#### [RECORDS FOR THE TASK]
====

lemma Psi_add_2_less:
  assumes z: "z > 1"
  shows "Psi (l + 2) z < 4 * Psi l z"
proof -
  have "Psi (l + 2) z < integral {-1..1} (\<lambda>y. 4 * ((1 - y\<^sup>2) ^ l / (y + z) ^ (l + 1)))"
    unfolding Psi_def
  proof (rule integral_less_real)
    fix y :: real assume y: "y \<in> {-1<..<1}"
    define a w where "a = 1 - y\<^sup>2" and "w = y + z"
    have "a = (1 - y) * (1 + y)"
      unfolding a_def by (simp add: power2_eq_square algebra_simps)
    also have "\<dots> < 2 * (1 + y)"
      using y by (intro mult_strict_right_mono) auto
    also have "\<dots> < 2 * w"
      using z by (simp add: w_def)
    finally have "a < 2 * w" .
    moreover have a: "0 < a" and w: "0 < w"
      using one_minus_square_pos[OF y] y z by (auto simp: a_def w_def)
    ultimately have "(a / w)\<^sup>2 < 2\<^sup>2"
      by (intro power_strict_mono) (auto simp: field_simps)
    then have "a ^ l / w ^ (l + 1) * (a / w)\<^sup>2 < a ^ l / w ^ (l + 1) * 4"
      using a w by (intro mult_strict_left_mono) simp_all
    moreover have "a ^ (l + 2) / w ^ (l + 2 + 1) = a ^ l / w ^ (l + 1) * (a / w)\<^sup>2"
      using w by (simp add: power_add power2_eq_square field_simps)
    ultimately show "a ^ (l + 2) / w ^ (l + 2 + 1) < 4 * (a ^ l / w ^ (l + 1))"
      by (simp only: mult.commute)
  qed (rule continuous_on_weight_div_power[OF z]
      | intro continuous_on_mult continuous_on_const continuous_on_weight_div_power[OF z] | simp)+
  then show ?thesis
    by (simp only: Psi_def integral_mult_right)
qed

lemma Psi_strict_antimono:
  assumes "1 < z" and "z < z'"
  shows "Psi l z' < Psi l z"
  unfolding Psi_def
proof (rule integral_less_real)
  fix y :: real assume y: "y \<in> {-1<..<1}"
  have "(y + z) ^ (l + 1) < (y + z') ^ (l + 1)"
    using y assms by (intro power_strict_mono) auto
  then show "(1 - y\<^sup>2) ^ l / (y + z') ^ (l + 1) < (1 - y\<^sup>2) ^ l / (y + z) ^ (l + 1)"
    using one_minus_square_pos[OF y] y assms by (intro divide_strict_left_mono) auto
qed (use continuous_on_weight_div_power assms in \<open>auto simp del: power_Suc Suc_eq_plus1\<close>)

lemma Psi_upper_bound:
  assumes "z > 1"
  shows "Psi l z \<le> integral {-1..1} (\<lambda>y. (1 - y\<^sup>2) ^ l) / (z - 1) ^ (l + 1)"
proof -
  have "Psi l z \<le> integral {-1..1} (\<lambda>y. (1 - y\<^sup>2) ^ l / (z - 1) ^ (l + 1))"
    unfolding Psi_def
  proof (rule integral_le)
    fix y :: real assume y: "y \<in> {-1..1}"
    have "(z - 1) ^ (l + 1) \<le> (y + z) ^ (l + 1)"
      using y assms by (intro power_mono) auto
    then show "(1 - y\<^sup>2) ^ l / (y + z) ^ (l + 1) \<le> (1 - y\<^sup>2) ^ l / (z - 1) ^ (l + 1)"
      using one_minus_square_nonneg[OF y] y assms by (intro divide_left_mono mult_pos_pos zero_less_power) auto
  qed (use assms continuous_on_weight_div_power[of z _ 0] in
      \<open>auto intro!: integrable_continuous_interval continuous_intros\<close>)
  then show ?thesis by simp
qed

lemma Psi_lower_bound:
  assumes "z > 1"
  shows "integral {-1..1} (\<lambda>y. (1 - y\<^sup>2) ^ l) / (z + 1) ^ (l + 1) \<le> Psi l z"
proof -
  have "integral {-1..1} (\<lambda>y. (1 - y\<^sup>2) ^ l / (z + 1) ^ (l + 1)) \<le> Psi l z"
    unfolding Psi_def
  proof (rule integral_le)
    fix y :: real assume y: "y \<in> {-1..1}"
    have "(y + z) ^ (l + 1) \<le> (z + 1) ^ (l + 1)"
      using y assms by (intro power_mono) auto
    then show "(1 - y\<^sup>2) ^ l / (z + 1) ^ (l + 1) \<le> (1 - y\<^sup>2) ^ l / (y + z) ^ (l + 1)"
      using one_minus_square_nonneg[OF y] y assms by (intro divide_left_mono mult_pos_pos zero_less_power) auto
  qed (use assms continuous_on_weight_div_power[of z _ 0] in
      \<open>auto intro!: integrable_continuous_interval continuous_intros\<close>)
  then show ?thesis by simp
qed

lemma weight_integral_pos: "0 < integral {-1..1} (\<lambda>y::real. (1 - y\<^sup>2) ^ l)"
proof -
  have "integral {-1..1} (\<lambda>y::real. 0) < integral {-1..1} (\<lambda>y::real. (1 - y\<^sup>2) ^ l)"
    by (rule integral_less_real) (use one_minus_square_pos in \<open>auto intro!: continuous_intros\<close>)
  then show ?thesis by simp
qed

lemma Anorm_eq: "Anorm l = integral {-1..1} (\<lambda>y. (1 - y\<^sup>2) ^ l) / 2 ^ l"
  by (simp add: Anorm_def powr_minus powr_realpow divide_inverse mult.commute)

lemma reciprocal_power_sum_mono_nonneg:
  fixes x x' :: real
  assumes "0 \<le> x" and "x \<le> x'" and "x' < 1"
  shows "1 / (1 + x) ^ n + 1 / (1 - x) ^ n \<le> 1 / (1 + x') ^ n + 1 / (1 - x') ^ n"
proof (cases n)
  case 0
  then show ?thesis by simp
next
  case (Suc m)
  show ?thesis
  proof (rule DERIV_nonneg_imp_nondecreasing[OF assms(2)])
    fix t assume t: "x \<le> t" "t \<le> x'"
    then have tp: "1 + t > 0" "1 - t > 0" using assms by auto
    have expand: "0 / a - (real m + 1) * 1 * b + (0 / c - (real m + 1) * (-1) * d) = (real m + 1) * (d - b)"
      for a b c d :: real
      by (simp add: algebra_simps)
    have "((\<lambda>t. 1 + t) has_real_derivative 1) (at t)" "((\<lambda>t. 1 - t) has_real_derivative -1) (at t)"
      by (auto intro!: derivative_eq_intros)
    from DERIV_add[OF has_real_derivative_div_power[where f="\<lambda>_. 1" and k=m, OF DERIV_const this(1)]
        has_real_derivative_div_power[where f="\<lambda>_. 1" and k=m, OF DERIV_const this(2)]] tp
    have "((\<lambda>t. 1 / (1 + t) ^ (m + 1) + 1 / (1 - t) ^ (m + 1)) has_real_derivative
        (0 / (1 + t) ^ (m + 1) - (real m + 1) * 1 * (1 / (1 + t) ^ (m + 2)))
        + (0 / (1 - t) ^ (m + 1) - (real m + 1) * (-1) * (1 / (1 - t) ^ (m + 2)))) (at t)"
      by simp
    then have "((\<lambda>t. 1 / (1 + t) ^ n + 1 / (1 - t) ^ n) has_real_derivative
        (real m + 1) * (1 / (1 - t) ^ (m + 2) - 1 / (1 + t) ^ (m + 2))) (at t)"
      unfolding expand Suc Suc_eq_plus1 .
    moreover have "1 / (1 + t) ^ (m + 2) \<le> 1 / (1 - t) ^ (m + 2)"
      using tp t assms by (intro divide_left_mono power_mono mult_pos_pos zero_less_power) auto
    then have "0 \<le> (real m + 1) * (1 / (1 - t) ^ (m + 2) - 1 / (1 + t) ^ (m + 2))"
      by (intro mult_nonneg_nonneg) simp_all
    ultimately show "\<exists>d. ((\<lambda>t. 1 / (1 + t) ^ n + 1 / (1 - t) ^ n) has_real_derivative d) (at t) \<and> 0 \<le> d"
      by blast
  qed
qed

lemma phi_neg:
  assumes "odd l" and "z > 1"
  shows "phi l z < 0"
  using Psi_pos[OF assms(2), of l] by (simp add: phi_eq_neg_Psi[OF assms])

====

#### [AIM OF THE EXERCISE]
The response must repeat exactly the lines from the top of the material through the line containing "w)\<^sup>2 < a", both included, with no other output.

#### [ANSWER TO THIS PROBLEM]
lemma Psi_add_2_less:
  assumes z: "z > 1"
  shows "Psi (l + 2) z < 4 * Psi l z"
proof -
  have "Psi (l + 2) z < integral {-1..1} (\<lambda>y. 4 * ((1 - y\<^sup>2) ^ l / (y + z) ^ (l + 1)))"
    unfolding Psi_def
  proof (rule integral_less_real)
    fix y :: real assume y: "y \<in> {-1<..<1}"
    define a w where "a = 1 - y\<^sup>2" and "w = y + z"
    have "a = (1 - y) * (1 + y)"
      unfolding a_def by (simp add: power2_eq_square algebra_simps)
    also have "\<dots> < 2 * (1 + y)"
      using y by (intro mult_strict_right_mono) auto
    also have "\<dots> < 2 * w"
      using z by (simp add: w_def)
    finally have "a < 2 * w" .
    moreover have a: "0 < a" and w: "0 < w"
      using one_minus_square_pos[OF y] y z by (auto simp: a_def w_def)
    ultimately have "(a / w)\<^sup>2 < 2\<^sup>2"
      by (intro power_strict_mono) (auto simp: field_simps)
    then have "a ^ l / w ^ (l + 1) * (a / w)\<^sup>2 < a ^ l / w ^ (l + 1) * 4"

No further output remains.